### [Instructions for the task]
Lines that include the string "lambda" are the ones to copy from the entries below.

··········

(* Assume the following: - $g$ is a concave distortion function satisfying (A1) and (A2); - $F$ is a distribution function on $\mathbb R$ with mean $0$ and variance $1$; - $\mathcal P\subset\mathbb R^n$ is a polyhedral set such that $\sigma_{\boldsymbol x}>0$ for all $\boldsymbol x\in\mathcal P$; - to each $\boldsymbol x\in\mathcal P$ is associated a tolerance $\varepsilon_{\boldsymbol x}>0$. Let $V=\operatorname{var}(\gamma(U))$, $c_0=\operatorname{corr}(F^{-1}(U),\gamma(U))$ and $\underline{\varepsilon_{\boldsymbol x}}=\min\{\varepsilon_{\boldsymbol x},2\sigma_{\boldsymbol x}^2(1-c_0)\}$. Then for every $\boldsymbol x\in\mathcal P$, $$\sup_{G_{\boldsymbol R}\in\mathcal M(\boldsymbol\mu,\Sigma):\ d_W(F_{\boldsymbol x},G_{\boldsymbol x})\le\sqrt{\varepsilon_{\boldsymbol x}}}H_g(G_{\boldsymbol x})=-\mu_{\boldsymbol x}+\Big(\sigma_{\boldsymbol x}-\frac{\underline{\varepsilon_{\boldsymbol x}}}{2\sigma_{\boldsymbol x}}\Big)\sqrt V c_0+\sqrt{\underline{\varepsilon_{\boldsymbol x}}-\frac{\underline{\varepsilon_{\boldsymbol x}}^2}{4\sigma_{\boldsymbol x}^2}}\,\sqrt{V(1-c_0^2)}.$$ Consequently, the robust portfolio problem $$\min_{\boldsymbol x\in\mathcal P}\ \sup_{G_{\boldsymbol R}\in\mathcal M(\boldsymbol\mu,\Sigma):\ d_W(F_{\boldsymbol x},G_{\boldsymbol x})\le\sqrt{\varepsilon_{\boldsymbol x}}}H_g(G_{\boldsymbol x})$$ is equivalent to minimising the right-hand side over $\boldsymbol x\in\mathcal P$.
   Context: Let $(\Omega,\mathcal A,\mathbb P)$ be an atomless probability space and $U\sim\mathcal U(0,1)$. For a distribution function $G$ on $\mathbb R$ with finite second moment, $G^{-1}(u)=\inf\{y:G(y)\ge u\}$. A distortion function is a non-decreasing $g:[0,1]\to[0,1]$ with $g(0)=0$, $g(1)=1$. For absolutely continuous $g$, $\gamma(u)=\partial_-g(x)|_{x=1-u}$ (left derivative), and $H_g(G)=\int_0^1\gamma G^{-1}$. Standing assumptions: - (A1) $g$ is absolutely continuous and $\int_0^1\gamma^2<\infty$; - (A2) $\gamma$ is not a.e. equal to $1$. $d_W(G_1,G_2)=\big(\int_0^1(G_1^{-1}-G_2^{-1})^2\big)^{1/2}$. Portfolio setting: - $\boldsymbol R=(R_1,\dots,R_n)$ is a random vector of returns with multivariate distribution $G_{\boldsymbol R}$. - $\mathcal M(\boldsymbol\mu,\Sigma)$ is the set of all $n$-dimensional distributions with mean vector $\boldsymbol\mu$ and covariance matrix $\Sigma$. - For $\boldsymbol x\in\mathcal P$, $G_{\boldsymbol x}$ is the distribution function of the loss $-\boldsymbol x^\top\boldsymbol R$ under $G_{\boldsymbol R}$. - $\mu_{\boldsymbol x}=\boldsymbol x^\top\boldsymbol\mu$ and $\sigma_{\boldsymbol x}^2=\boldsymbol x^\top\Sigma\boldsymbol x$. - The reference loss distribution $F_{\boldsymbol x}$ has quantile function $F_{\boldsymbol x}^{-1}(u)=-\mu_{\boldsymbol x}+\sigma_{\boldsymbol x}F^{-1}(u)$. *)

theory Defs
  imports "HOL-Analysis.Analysis" "HOL-Probability.Probability"
begin

definition quantile :: "(real \<Rightarrow> real) \<Rightarrow> real \<Rightarrow> real" where
  "quantile G u = Inf {y. u \<le> G y}"

definition distortion :: "(real \<Rightarrow> real) \<Rightarrow> bool" where
  "distortion g \<longleftrightarrow> mono_on {0..1} g \<and> g ` {0..1} \<subseteq> {0..1} \<and> g 0 = 0 \<and> g 1 = 1"

definition abs_cont_01 :: "(real \<Rightarrow> real) \<Rightarrow> bool" where
  "abs_cont_01 g \<longleftrightarrow> (\<forall>e>0. \<exists>d>0. \<forall>(n::nat) (a::nat \<Rightarrow> real) (b::nat \<Rightarrow> real).
      (\<forall>k<n. 0 \<le> a k \<and> a k \<le> b k \<and> b k \<le> 1) \<and>
      (\<forall>k<n. \<forall>l<n. k \<noteq> l \<longrightarrow> b k \<le> a l \<or> b l \<le> a k) \<and>
      (\<Sum>k<n. b k - a k) < d \<longrightarrow> (\<Sum>k<n. \<bar>g (b k) - g (a k)\<bar>) < e)"

definition left_deriv :: "(real \<Rightarrow> real) \<Rightarrow> real \<Rightarrow> real" where
  "left_deriv g x = Lim (at_left x) (\<lambda>t. (g x - g t) / (x - t))"

definition gam :: "(real \<Rightarrow> real) \<Rightarrow> real \<Rightarrow> real" where
  "gam g u = left_deriv g (1 - u)"

definition A1 :: "(real \<Rightarrow> real) \<Rightarrow> bool" where
  "A1 g \<longleftrightarrow> abs_cont_01 g \<and> set_integrable lborel {0<..<1} (\<lambda>u. (gam g u)\<^sup>2)"

definition A2 :: "(real \<Rightarrow> real) \<Rightarrow> bool" where
  "A2 g \<longleftrightarrow> \<not> (AE u in lborel. u \<in> {0<..<1} \<longrightarrow> gam g u = 1)"

definition Hg :: "(real \<Rightarrow> real) \<Rightarrow> (real \<Rightarrow> real) \<Rightarrow> real" where
  "Hg g G = (LINT u:{0<..<1}|lborel. gam g u * quantile G u)"

definition dWq :: "(real \<Rightarrow> real) \<Rightarrow> (real \<Rightarrow> real) \<Rightarrow> real" where
  "dWq q1 q2 = sqrt (LINT u:{0<..<1}|lborel. (q1 u - q2 u)\<^sup>2)"

definition dW :: "(real \<Rightarrow> real) \<Rightarrow> (real \<Rightarrow> real) \<Rightarrow> real" where
  "dW G1 G2 = dWq (quantile G1) (quantile G2)"

text \<open>Variance / covariance / correlation of f(U), h(U) for U uniform on (0,1).\<close>
definition var01 :: "(real \<Rightarrow> real) \<Rightarrow> real" where
  "var01 f = (LINT u:{0<..<1}|lborel. (f u)\<^sup>2) - (LINT u:{0<..<1}|lborel. f u)\<^sup>2"

definition cov01 :: "(real \<Rightarrow> real) \<Rightarrow> (real \<Rightarrow> real) \<Rightarrow> real" where
  "cov01 f h = (LINT u:{0<..<1}|lborel. f u * h u)
      - (LINT u:{0<..<1}|lborel. f u) * (LINT u:{0<..<1}|lborel. h u)"

definition corr01 :: "(real \<Rightarrow> real) \<Rightarrow> (real \<Rightarrow> real) \<Rightarrow> real" where
  "corr01 f h = cov01 f h / (sqrt (var01 f) * sqrt (var01 h))"

definition Mset :: "real^'n \<Rightarrow> real^'n^'n \<Rightarrow> (real^'n) measure set" where
  "Mset mu Sig = {M. prob_space M \<and> sets M = sets borel \<and>
      (\<forall>i. integrable M (\<lambda>r. (r $ i)\<^sup>2)) \<and>
      (\<forall>i. (\<integral>r. r $ i \<partial>M) = mu $ i) \<and>
      (\<forall>i j. (\<integral>r. (r $ i - mu $ i) * (r $ j - mu $ j) \<partial>M) = Sig $ i $ j)}"

definition loss_cdf :: "(real^'n) measure \<Rightarrow> real^'n \<Rightarrow> real \<Rightarrow> real" where
  "loss_cdf GR x = cdf (distr GR borel (\<lambda>r. - (x \<bullet> r)))"

definition mu_x :: "real^'n \<Rightarrow> real^'n \<Rightarrow> real" where
  "mu_x mu x = x \<bullet> mu"

definition sigma_x :: "real^'n^'n \<Rightarrow> real^'n \<Rightarrow> real" where
  "sigma_x Sig x = sqrt (x \<bullet> (Sig *v x))"

definition ref_quantile :: "real measure \<Rightarrow> real^'n \<Rightarrow> real^'n^'n \<Rightarrow> real^'n \<Rightarrow> real \<Rightarrow> real" where
  "ref_quantile MF mu Sig x u = - mu_x mu x + sigma_x Sig x * quantile (cdf MF) u"

definition robust_risk ::
  "(real \<Rightarrow> real) \<Rightarrow> real measure \<Rightarrow> real^'n \<Rightarrow> real^'n^'n \<Rightarrow> real \<Rightarrow> real^'n \<Rightarrow> ereal" where
  "robust_risk g MF mu Sig eps x =
     (SUP GR \<in> {GR \<in> Mset mu Sig.
          dWq (ref_quantile MF mu Sig x) (quantile (loss_cdf GR x)) \<le> sqrt eps}.
        ereal (Hg g (loss_cdf GR x)))"

end

theory Submission
  imports Defs
begin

··········

### [Response to the exercise]
  "left_deriv g x = Lim (at_left x) (\<lambda>t. (g x - g t) / (x - t))"
  "A1 g \<longleftrightarrow> abs_cont_01 g \<and> set_integrable lborel {0<..<1} (\<lambda>u. (gam g u)\<^sup>2)"
      (\<forall>i. integrable M (\<lambda>r. (r $ i)\<^sup>2)) \<and>
  "loss_cdf GR x = cdf (distr GR borel (\<lambda>r. - (x \<bullet> r)))"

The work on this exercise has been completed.